In this issue, B. K. Ambati et al. (Nature 443, 993–997; 2006) show that in the cornea a soluble receptor, called sflt-1, traps VEGF-A, stopping it from directing the formation of blood vessels. When the authors blocked expression of sflt-1 using a variety of approaches, they saw an increase in free VEGF-A and in corneal vascularization, demonstrating that sflt-1 maintains corneal avascularity.

Blood vessels form spontaneously in the corneas of certain mutant mouse strains, as well as in those of people who suffer from a condition known as aniridia as a result of a similar mutation. Ambati and colleagues show that in all these cases, corneal vascularization is accompanied by a deficiency in the expression of sflt-1. In the mice, injections of sflt-1 reduced the corneal vascularization.

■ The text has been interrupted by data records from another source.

(* In the setting described in the context, let $x_*\in\mathbb{R}^n$, $\mathcal{C}_*=D^pf(x_* )$, let $P_k = I - \frac{W_k^{-1}s_ks_k^TW_k^{-T}}{s_k^TW_k^{-T}W_k^{-1}s_k}$, and define the tensor $\mathcal{E}_k\in\mathbb{R}^{\otimes^p n}$ by $(\mathcal{C}_{k+1}-\mathcal{C}_* )[W_k]^p = (\mathcal{C}_k-\mathcal{C}_* )[W_k]^p[P_k]^p + \mathcal{E}_k[W_k]^p$. Then $\|\mathcal{E}_k\|_2 \le \big(1+\kappa_2(W_k)^p\big)\|\widetilde{\mathcal{C}}_k-\mathcal{C}_*\|_2$ for every $k$.
   Context: Setting (higher-order secant update): $p\ge 2$; $f:\mathbb{R}^n\to\mathbb{R}$ is $p$ times continuously differentiable, $D^pf(x)$ denoting its $p$th derivative viewed as a symmetric multilinear map; $(x_k)_{k\ge0}$ is a sequence in $\mathbb{R}^n$ with steps $s_k = x_{k+1}-x_k \ne 0$; $(W_k)_{k\ge0}$ are nonsingular $n\times n$ matrices; $\widetilde{\mathcal{C}}_k = \int_0^1 D^pf(x_k+ts_k)\,dt$; $\mathcal{C}_0\in\mathbb{R}^{\otimes^p n}_{\mathrm{sym}}$ is arbitrary and $\mathcal{C}_{k+1}$ is the unique minimizer of $\|(\mathcal{C}-\mathcal{C}_k)[W_k]^p\|_F$ over $\mathcal{C}\in\mathbb{R}^{\otimes^p n}_{\mathrm{sym}}$ subject to $\mathcal{C}[s_k]=\widetilde{\mathcal{C}}_k[s_k]$. Notation: a $p$-tensor is a multilinear map $(\mathbb{R}^n)^p\to\mathbb{R}$; $\mathcal{T}[s]$ fixes the first argument to $s$; $(\mathcal{T}[M]^p)[s_1,\dots,s_p]=\mathcal{T}[Ms_1,\dots,Ms_p]$; symmetric means invariant under permutation of arguments; $\|\cdot\|_F$ is the Frobenius norm of the array of entries; $\|\mathcal{T}\|_2=\max_{\|u_i\|_2=1}|\mathcal{T}[u_1,\dots,u_p]|$; $\kappa_2(W)=\|W\|_2\|W^{-1}\|_2$. *)

theory Defs
  imports "HOL-Analysis.Analysis"
begin

text \<open>A p-tensor on R^n is represented by its array of entries, a function on
index lists; only lists of length p are meaningful.\<close>

type_synonym 'n tensor = "'n list \<Rightarrow> real"

definition idx :: "nat \<Rightarrow> 'n::finite list set" where
  "idx p = {is. length is = p}"

definition teval :: "nat \<Rightarrow> 'n::finite tensor \<Rightarrow> (real^'n) list \<Rightarrow> real" where
  "teval p T us = (\<Sum>is\<in>idx p. T is * (\<Prod>k<p. (us ! k) $ (is ! k)))"

definition tfirst :: "real^'n::finite \<Rightarrow> 'n tensor \<Rightarrow> 'n tensor" where
  "tfirst s T = (\<lambda>is. \<Sum>i\<in>UNIV. s $ i * T (i # is))"

text \<open>T[M]^p, i.e. (T[M]^p)[s_1,...,s_p] = T[M s_1,...,M s_p].\<close>
definition tmul :: "nat \<Rightarrow> 'n::finite tensor \<Rightarrow> real^'n^'n \<Rightarrow> 'n tensor" where
  "tmul p T M = (\<lambda>js. \<Sum>is\<in>idx p. T is * (\<Prod>k<p. M $ (is ! k) $ (js ! k)))"

definition sym_tensor :: "nat \<Rightarrow> 'n::finite tensor \<Rightarrow> bool" where
  "sym_tensor p T \<longleftrightarrow> (\<forall>is. length is \<noteq> p \<longrightarrow> T is = 0) \<and>
     (\<forall>is js. length is = p \<longrightarrow> mset js = mset is \<longrightarrow> T js = T is)"

definition frob :: "nat \<Rightarrow> 'n::finite tensor \<Rightarrow> real" where
  "frob p T = sqrt (\<Sum>is\<in>idx p. (T is)\<^sup>2)"

definition tnorm2 :: "nat \<Rightarrow> 'n::finite tensor \<Rightarrow> real" where
  "tnorm2 p T = Sup {\<bar>teval p T us\<bar> | us. length us = p \<and> (\<forall>u\<in>set us. norm u = 1)}"

definition kappa2 :: "real^'n^'n::finite \<Rightarrow> real" where
  "kappa2 W = onorm (\<lambda>x. W *v x) * onorm (\<lambda>x. matrix_inv W *v x)"

text \<open>Iterated partial derivatives: pder k f x [i_1,...,i_k] = d_{i_1} ... d_{i_k} f (x),
 i.e. the entries of D^k f(x).\<close>
fun pder :: "nat \<Rightarrow> (real^'n::finite \<Rightarrow> real) \<Rightarrow> real^'n \<Rightarrow> 'n list \<Rightarrow> real" where
  "pder 0 f x is = f x"
| "pder (Suc k) f x [] = 0"
| "pder (Suc k) f x (i # is) = frechet_derivative (\<lambda>y. pder k f y is) (at x) (axis i 1)"

definition Cp :: "nat \<Rightarrow> (real^'n::finite \<Rightarrow> real) \<Rightarrow> bool" where
  "Cp p f \<longleftrightarrow> (\<forall>k<p. \<forall>is. length is = k \<longrightarrow> (\<forall>x. (\<lambda>y. pder k f y is) differentiable (at x))) \<and>
               (\<forall>k\<le>p. \<forall>is. length is = k \<longrightarrow> continuous_on UNIV (\<lambda>y. pder k f y is))"

text \<open>Averaged p-th derivative along the step: int_0^1 D^p f(x + t s) dt.\<close>
definition avgD :: "nat \<Rightarrow> (real^'n::finite \<Rightarrow> real) \<Rightarrow> real^'n \<Rightarrow> real^'n \<Rightarrow> 'n tensor" where
  "avgD p f x s = (\<lambda>is. integral {0..1} (\<lambda>t::real. pder p f (x + t *\<^sub>R s) is))"

definition feasible :: "nat \<Rightarrow> real^'n::finite \<Rightarrow> 'n tensor \<Rightarrow> 'n tensor set" where
  "feasible p s Ct = {C. sym_tensor p C \<and> (\<forall>is. length is = p - 1 \<longrightarrow> tfirst s C is = tfirst s Ct is)}"

definition projP :: "real^'n^'n::finite \<Rightarrow> real^'n \<Rightarrow> real^'n^'n" where
  "projP W s = (let v = matrix_inv W *v s in
      mat 1 - (\<chi> i j. v $ i * v $ j / (v \<bullet> v)))"

end

theory Submission
  imports Defs "HOL-Combinatorics.Permutations"
begin

(*
  In W-coordinates the secant update is an orthogonal projection. Put R = (Ct - C_k)[W]^p, where
  Ct is the averaged p-th derivative along the step s. The tensor C' = C_k + (R - R[P]^p)[W^-1]^p is
  feasible, and for every feasible C the tensor Y = (C - C')[W]^p is symmetric and vanishes as soon
  as W^-1 s is put into one of its slots, so Y[P]^p = Y. As P is symmetric, Y is then Frobenius-
  orthogonal to R - R[P]^p = (C' - C_k)[W]^p, and minimality of C_{k+1} forces
  (C_{k+1} - C_k)[W]^p = R - R[P]^p. Substituted into the defining relation of E this gives
  E = D - D[W P W^-1]^p with D = Ct - C_*, and the bound follows from the triangle inequality,
  since the operator norm of W P W^-1 is at most kappa(W), P being an orthogonal projector.
  Feasibility of C' needs the symmetry of Ct, i.e. Schwarz's theorem on mixed partial derivatives.
*)

lemma finite_idx [simp]: "finite (idx p :: 'n::finite list set)"
  unfolding idx_def using finite_lists_length_eq[of "UNIV::'n set" p] by simp

lemma sum_idx_Suc:
  "(\<Sum>is\<in>idx (Suc p). F is) = (\<Sum>i\<in>(UNIV::'n::finite set). \<Sum>is\<in>idx p. F (i # is))"
proof -
  have "idx (Suc p) = (\<lambda>(i, is). i # is) ` (UNIV \<times> (idx p :: 'n list set))"
    unfolding idx_def by (auto simp: length_Suc_conv image_iff)
  moreover have "inj_on (\<lambda>(i, is). i # is) (UNIV \<times> (idx p :: 'n list set))"
    by (auto simp: inj_on_def)
  ultimately show ?thesis
    by (simp add: sum.reindex sum.cartesian_product split_def)
qed

lemma sum_idx_prod_nth:
  "(\<Sum>is\<in>idx p. \<Prod>k<p. g k (is ! k)) = (\<Prod>k<p. \<Sum>i\<in>(UNIV::'n::finite set). (g k i :: real))"
proof (induction p arbitrary: g)
  case 0
  then show ?case by (simp add: idx_def)
next
  case (Suc p)
  have "(\<Sum>is\<in>idx (Suc p). \<Prod>k<Suc p. g k (is ! k))
      = (\<Sum>i\<in>(UNIV::'n set). g 0 i * (\<Sum>is\<in>idx p. \<Prod>k<p. g (Suc k) (is ! k)))"
    unfolding sum_idx_Suc prod.lessThan_Suc_shift by (simp add: sum_distrib_left)
  then show ?case
    unfolding prod.lessThan_Suc_shift by (simp add: Suc.IH[of "\<lambda>k. g (Suc k)"] sum_distrib_right)
qed

lemma tmul_cong: "(\<And>is. is \<in> idx p \<Longrightarrow> T is = T' is) \<Longrightarrow> tmul p T M = tmul p T' M"
  unfolding tmul_def by (intro ext sum.cong) auto

lemma teval_cong: "(\<And>is. is \<in> idx p \<Longrightarrow> T is = T' is) \<Longrightarrow> teval p T us = teval p T' us"
  unfolding teval_def by (intro sum.cong) auto

lemma tmul_add: "tmul p (\<lambda>is. A is + B is) M js = tmul p A M js + tmul p B M js"
  unfolding tmul_def by (simp add: sum.distrib algebra_simps)

lemma tmul_diff: "tmul p (\<lambda>is. A is - B is) M js = tmul p A M js - tmul p B M js"
  unfolding tmul_def by (simp add: sum_subtractf algebra_simps)

lemma tmul_zero [simp]: "tmul p (\<lambda>is. 0) M js = 0"
  unfolding tmul_def by simp

lemma teval_diff: "teval p (\<lambda>is. A is - B is) us = teval p A us - teval p B us"
  unfolding teval_def by (simp add: sum_subtractf algebra_simps)

lemma tfirst_diff: "tfirst s (\<lambda>is. A is - B is) js = tfirst s A js - tfirst s B js"
  unfolding tfirst_def by (simp add: sum_subtractf algebra_simps)

lemma tfirst_zero [simp]: "tfirst 0 T = (\<lambda>js. 0)"
  unfolding tfirst_def by simp

lemma tmul_tmul: "tmul p (tmul p T M) N js = tmul p T (M ** N) js"
proof -
  have "tmul p (tmul p T M) N js
      = (\<Sum>ls\<in>idx p. T ls * (\<Sum>is\<in>idx p. \<Prod>k<p. M $ (ls ! k) $ (is ! k) * N $ (is ! k) $ (js ! k)))"
    unfolding tmul_def
    by (simp add: sum_distrib_left sum_distrib_right prod.distrib mult.assoc) (rule sum.swap)
  also have "\<dots> = (\<Sum>ls\<in>idx p. T ls * (\<Prod>k<p. \<Sum>i\<in>UNIV. M $ (ls ! k) $ i * N $ i $ (js ! k)))"
    by (simp add: sum_idx_prod_nth[where g="\<lambda>k i. M $ (_ ! k) $ i * N $ i $ (js ! k)"])
  finally show ?thesis
    unfolding tmul_def by (simp add: matrix_matrix_mult_def)
qed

The authors surveyed different mammalian species to see whether the close relationship between the presence of sflt-1 and an avascular cornea is evolutionarily conserved. Manatees (pictured) are the only known organism with uniformly vascularized corneas. They compensate for their impaired vision with highly developed sensory bristles that enable them to navigate and locate food. Manatees live primarily in turbid freshwater areas, and corneal vascularization may result from or protect against this environment. Interestingly, no sflt-1 expression was detected in manatee corneas, whereas those of dugongs (which belong to the order Sirenia, like manatees) and of elephants — the manatee's closest terrestrial relatives — all produced sflt-1.